UPS AND DOWNS
This morning I ran in a local 5K. It's a route I run frequently and therefore know every inch of. I'd been looking forward to it for weeks. When I woke up this morning, it was already pretty warm and muggy. I did my normal pre-run routine and got to the registration table in plenty of time.
I hate being early to races because then you have more time to stand around getting nervous. I found a patch of shade and just kind of stood there... getting nervous. I wasn't out to break any world records, that's for sure. But I wanted to do well. My PR for a 5K is 26:55 (although if we wanna get technical, that was a race without a chip so I suppose it could have been a few seconds less than that.)
Over the years, I've definitely improved. I used to always be in the 28:00 range. I guess what would make me really happy would be to break 26:00... even if it were just 25:59. There's something about having that 25.
So anyway, I'm standing there minding my own business when this lady who's stretching beside me says,
"Guess we're all fighting for the shade today, huh?"
"Yeah. It's pretty hot already," I answered.
"Yeah - I hope I don't go down again."
"Last week I collapsed in the middle of the SoAndSo Classic, see?" She pointed to her nose. There was a scab on it and one on her cheek.
"Ouch! I bet that sucked," I replied.
"Yeah, I really pushed myself. I'm not so good in the heat. Last year I went down in a 5K right at mile 3. I could see the finish line! Not today. I'm taking it easy. Gonna jog it. Not pushing for more than a 24:00."

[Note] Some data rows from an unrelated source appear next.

lemma sum_order_prod_linear_factors:
  fixes Q :: "'a :: idom \<Rightarrow> bool" and xs :: "'a list"
  defines "p \<equiv> (\<Prod>x\<leftarrow>xs. [:- x, 1:])"
  shows "(\<Sum>x\<in>{x. Q x \<and> poly p x = 0}. order x p) = length (filter Q xs)"
proof -
  have roots: "{x. Q x \<and> poly p x = 0} = set_mset (mset (filter Q xs))"
    unfolding p_def poly_prod_linear_factors_eq_0 by auto
  have "(\<Sum>x\<in>{x. Q x \<and> poly p x = 0}. order x p)
      = (\<Sum>x\<in>set_mset (mset (filter Q xs)). count (mset (filter Q xs)) x)"
    unfolding roots by (rule sum.cong[OF refl]) (auto simp: p_def order_prod_linear_factors)
  also have "\<dots> = size (mset (filter Q xs))" by (rule size_multiset_overloaded_eq[symmetric])
  finally show ?thesis by (metis mset_filter size_mset)
qed

lemma signature_similar_diag:
  assumes "similar_mat (map_mat real_of_rat A) (diag_of_list xs)"
  shows "signature A = int (num_pos xs) - int (num_neg xs)"
proof -
  have "char_poly (map_mat real_of_rat A) = char_poly (diag_of_list xs)"
    by (rule char_poly_similar[OF assms])
  also have "\<dots> = (\<Prod>a\<leftarrow>xs. [:- a, 1:])"
    using char_poly_upper_triangular[OF carrier_diag_of_list upper_triangular_diag_of_list] by simp
  finally have cp: "char_poly (map_mat real_of_rat A) = (\<Prod>a\<leftarrow>xs. [:- a, 1:])" .
  show ?thesis
    unfolding signature_def Let_def cp sum_order_prod_linear_factors num_pos_def num_neg_def ..
qed

theorem signature_eq_inertia:
  assumes A: "A \<in> carrier_mat n n" "transpose_mat A = A" and cong: "congruent_mat A (diag_of_list ds)"
  shows "signature A = int (num_pos ds) - int (num_neg ds)"
proof -
  let ?Ar = "map_mat real_of_rat A"
  have "?Ar \<in> carrier_mat n n" "transpose_mat ?Ar = ?Ar" using A by (auto simp: map_mat_transpose)
  from real_symmetric_similar_congruent_diag[OF this] obtain xs
    where xs: "similar_mat ?Ar (diag_of_list xs)" "congruent_mat ?Ar (diag_of_list xs)" by auto
  have "congruent_mat ?Ar (diag_of_list (map real_of_rat ds))"
    using congruent_mat_map_of_rat[OF cong] by (simp add: map_mat_diag_of_list)
  then have "congruent_mat (diag_of_list (map real_of_rat ds)) (diag_of_list xs)"
    using congruent_mat_trans congruent_mat_sym xs(2) by blast
  from sylvester_law_of_inertia[OF this] signature_similar_diag[OF xs(1)] show ?thesis by simp
qed

section \<open>Sums of four squares\<close>

lemma euler_four_square_identity:
  fixes x1 :: "'a :: comm_ring"
  shows "(x1*x1 + x2*x2 + x3*x3 + x4*x4) * (y1*y1 + y2*y2 + y3*y3 + y4*y4) =
   (x1*y1 - x2*y2 - x3*y3 - x4*y4) * (x1*y1 - x2*y2 - x3*y3 - x4*y4) +
   (x1*y2 + x2*y1 + x3*y4 - x4*y3) * (x1*y2 + x2*y1 + x3*y4 - x4*y3) +
   (x1*y3 - x2*y4 + x3*y1 + x4*y2) * (x1*y3 - x2*y4 + x3*y1 + x4*y2) +
   (x1*y4 + x2*y3 - x3*y2 + x4*y1) * (x1*y4 + x2*y3 - x3*y2 + x4*y1)"
  by (simp only: algebra_simps)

Great. I should have known she was one of "those people" by her 2% body fat. She proceeded to tell me all about how fast she can run and how she only needs a 4:10 to qualify for Boston because she's 51. Then, the dreaded question:
"How fast do you usually average a 5K?"
"Uhh.. like 25 or 26," I lied.
"Oh good. Maybe I'll just stick by you today then."

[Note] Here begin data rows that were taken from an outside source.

lemma Gorbit_WPlanesN: "Gorbit q w ` WPlanesN q w = {line_planes, conic_planes}"
proof -
  obtain \<pi>1 \<pi>2 where "\<pi>1 \<in> line_planes" "\<pi>2 \<in> conic_planes"
    using card_line_planes card_conic_planes q_ge_2 by fastforce
  moreover have "Gorbit q w \<pi> = line_planes" if "\<pi> \<in> line_planes" for \<pi>
    using that Gorbit_line_plane unfolding line_planes_def by blast
  hence "Gorbit q w ` line_planes = (\<lambda>_. line_planes) ` line_planes" by (rule image_cong[OF refl])
  moreover have "Gorbit q w \<pi> = conic_planes" if "\<pi> \<in> conic_planes" for \<pi>
    using that Gorbit_conic_plane unfolding conic_planes_def by blast
  hence "Gorbit q w ` conic_planes = (\<lambda>_. conic_planes) ` conic_planes" by (rule image_cong[OF refl])
  moreover have "WPlanesN q w = line_planes \<union> conic_planes"
    unfolding WPlanesN_eq line_planes_def conic_planes_def by blast
  ultimately show ?thesis by (simp add: image_Un image_constant insert_commute)
qed

end

theorem mainTheorem12:
  fixes q n :: nat and \<omega> :: "'a::{field,finite}"
  assumes "n \<ge> 1" and "q = 2 ^ n" and "card (UNIV :: 'a set) = q ^ 2"
    and "\<omega> \<notin> Fq q" and "\<omega> + \<omega> ^ q = 1"
  shows "let P = WPlanesN q \<omega>;
             O1 = {\<pi> \<in> P. \<exists>L \<in> Spread q. \<pi> \<inter> Qpts q = L};
             O2 = {\<pi> \<in> P. nondeg_conic_in q \<pi> (\<pi> \<inter> Qpts q)}
         in Gorbit q \<omega> ` P = {O1, O2} \<and> card O1 = q ^ 2 + 1 \<and> card O2 = q ^ 3 + q"
proof -
  interpret w5q q n \<omega> using assms by unfold_locales
  show ?thesis
    unfolding Let_def line_planes_eq conic_planes_eq
    using Gorbit_WPlanesN card_line_planes card_conic_planes by simp
qed

end
lemma G1n_verts_cases:
  assumes "v \<in> G1n_verts n"
  obtains "v = Vc" | "v = Vd" | "v = Ve" | q where "q < n + 2" "v = cycle_vertex n q"
  using assms unfolding G1n_verts_eq by auto

lemma sum_G1n_verts:
  "(\<Sum>v\<in>G1n_verts n. f v) = f Vc + f Vd + f Ve + (\<Sum>q<n + 2. f (cycle_vertex n q))"
proof -
  have "(\<Sum>v\<in>G1n_verts n. f v)
      = (\<Sum>v\<in>{Vc, Vd, Ve}. f v) + (\<Sum>v\<in>cycle_vertex n ` {..<n + 2}. f v)"
    unfolding G1n_verts_eq by (rule sum.union_disjoint) (auto simp: cycle_vertex_def)
  also have "(\<Sum>v\<in>cycle_vertex n ` {..<n + 2}. f v) = (\<Sum>q<n + 2. f (cycle_vertex n q))"
    by (rule sum.reindex[OF inj_on_cycle_vertex, unfolded comp_def])
  finally show ?thesis by (simp add: add.assoc)
qed

lemma G1n_adj_sym: "G1n_adj n x y \<Longrightarrow> G1n_adj n y x"
  by (auto simp: G1n_adj_def)

lemma G1n_adj_cycle_vertex:
  assumes "1 \<le> n" "q < n + 2" "q' < n + 2" "cyc_adj (n + 2) q q'"
  shows "G1n_adj n (cycle_vertex n q) (cycle_vertex n q')"
  using assms unfolding cyc_adj_def G1n_adj_def G1n_edge0_def cycle_vertex_def by auto

lemma G1n_edge0_cases:
  assumes n: "1 \<le> n" and edge: "G1n_edge0 n x y"
  obtains q q' where "q < n + 2" "q' < n + 2" "x = cycle_vertex n q" "y = cycle_vertex n q'"
      "cyc_adj (n + 2) q q'"
    | "(x, y) \<in> {(Va, Vc), (Va, Vd), (Vb, Vc), (Vc, Vd), (Vd, Ve)}"
proof -
  have X: "X i = cycle_vertex n i" if "1 \<le> i" "i \<le> n" for i
    using that by (simp add: cycle_vertex_def)
  have ends: "Va = cycle_vertex n 0" "Vb = cycle_vertex n (n + 1)"
    by (simp_all add: cycle_vertex_def)
  from edge consider "(x, y) \<in> {(Va, Vc), (Va, Vd), (Vb, Vc), (Vc, Vd), (Vd, Ve)}"
    | "x = Va" "y = Vb" | "x = Va" "y = X 1" | "x = X n" "y = Vb"
    | i where "1 \<le> i" "i < n" "x = X i" "y = X (i + 1)"
    unfolding G1n_edge0_def by auto
  then show ?thesis
  proof cases
    case 2
    then show ?thesis using that(1)[of 0 "n + 1"] ends by (simp add: cyc_adj_def)
  next
    case 3
    then show ?thesis using that(1)[of 0 1] ends X[of 1] n by (simp add: cyc_adj_def)
  next
    case 4
    then show ?thesis using that(1)[of n "n + 1"] ends X[of n] n by (simp add: cyc_adj_def)
  next
    case (5 i)
    then show ?thesis
      using that(1)[of i "i + 1"] X[of i] X[of "i + 1"] by (simp add: cyc_adj_def)
  qed (use that(2) in blast)
qed
definition isolated_arrow :: "'e set \<Rightarrow> ('e \<Rightarrow> 'v) \<Rightarrow> ('e \<Rightarrow> 'v) \<Rightarrow> 'e \<Rightarrow> bool" where
  "isolated_arrow E d c x \<longleftrightarrow> x \<in> E \<and> (\<forall>y\<in>E. d y = d x \<and> c y = c x \<longrightarrow> y = x)"

definition isolating_sinks :: "'v set \<Rightarrow> 'e set \<Rightarrow> ('e \<Rightarrow> 'v) \<Rightarrow> ('e \<Rightarrow> 'v) \<Rightarrow> 'v set" where
  "isolating_sinks V E d c = {v \<in> sinks V E c. \<exists>x\<in>E. isolated_arrow E d c x \<and> c x = v}"

text \<open>The simplification Q^s: delete all parallel arrows and all non-isolating sinks.\<close>
definition simp_arrows :: "'e set \<Rightarrow> ('e \<Rightarrow> 'v) \<Rightarrow> ('e \<Rightarrow> 'v) \<Rightarrow> 'e set" where
  "simp_arrows E d c = {x\<in>E. isolated_arrow E d c x}"

definition simp_verts :: "'v set \<Rightarrow> 'e set \<Rightarrow> ('e \<Rightarrow> 'v) \<Rightarrow> ('e \<Rightarrow> 'v) \<Rightarrow> 'v set" where
  "simp_verts V E d c = V - (sinks V E c - isolating_sinks V E d c)"

definition oriented_edges :: "'e set \<Rightarrow> ('e \<Rightarrow> 'v) \<Rightarrow> ('e \<Rightarrow> 'v) \<Rightarrow> ('e \<Rightarrow> sign) \<Rightarrow> ('v \<times> 'v) set" where
  "oriented_edges E d c \<sigma> = {(if \<sigma> x = Plus then (d x, c x) else (c x, d x)) | x. x \<in> E}"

"You know, you're young. You could really improve your time with some speedwork," she offered.
"Yeah well, I haven't really been running that long," I lied again.
"Hey, I'm gonna so get some water - I'll be right back!"
When she walked away, I quickly rounded the corner and lost myself in the crowd. She'd totally fucked up my self-esteem and I was pissed. Pissed at myself for not running more or doing speedwork. Pissed at ice cream for being so creamy, sweet, and evil.
As I was running the race, I started letting go of my bad feelings. So what if I am not the world's fastest runner? At least I am not insane enough to push myself to the point of passing out in a race... seemingly on a regular basis! So what if I don't have 2% body fat? Who cares what the clock says anway? I passed younger, fitter people and had a really good race, despite the oppressive heat and hilly course.
When I got to the clock at the end, it said 27:50 (without chips). Although a little deflated, I still felt pretty good. I was out there doing something that not everyone can do, and I did it to the best of my ability.
And now I need to go take a shower and get to a graduation party. A friend of mine from high school just earned her law degree from Fordham and I'll get to see a bunch of people I haven't seen in 13 years. And 13 years ago, I wasn't a runner and was 30 lbs. heavier. So there's hope that my ego may bounce back today after all!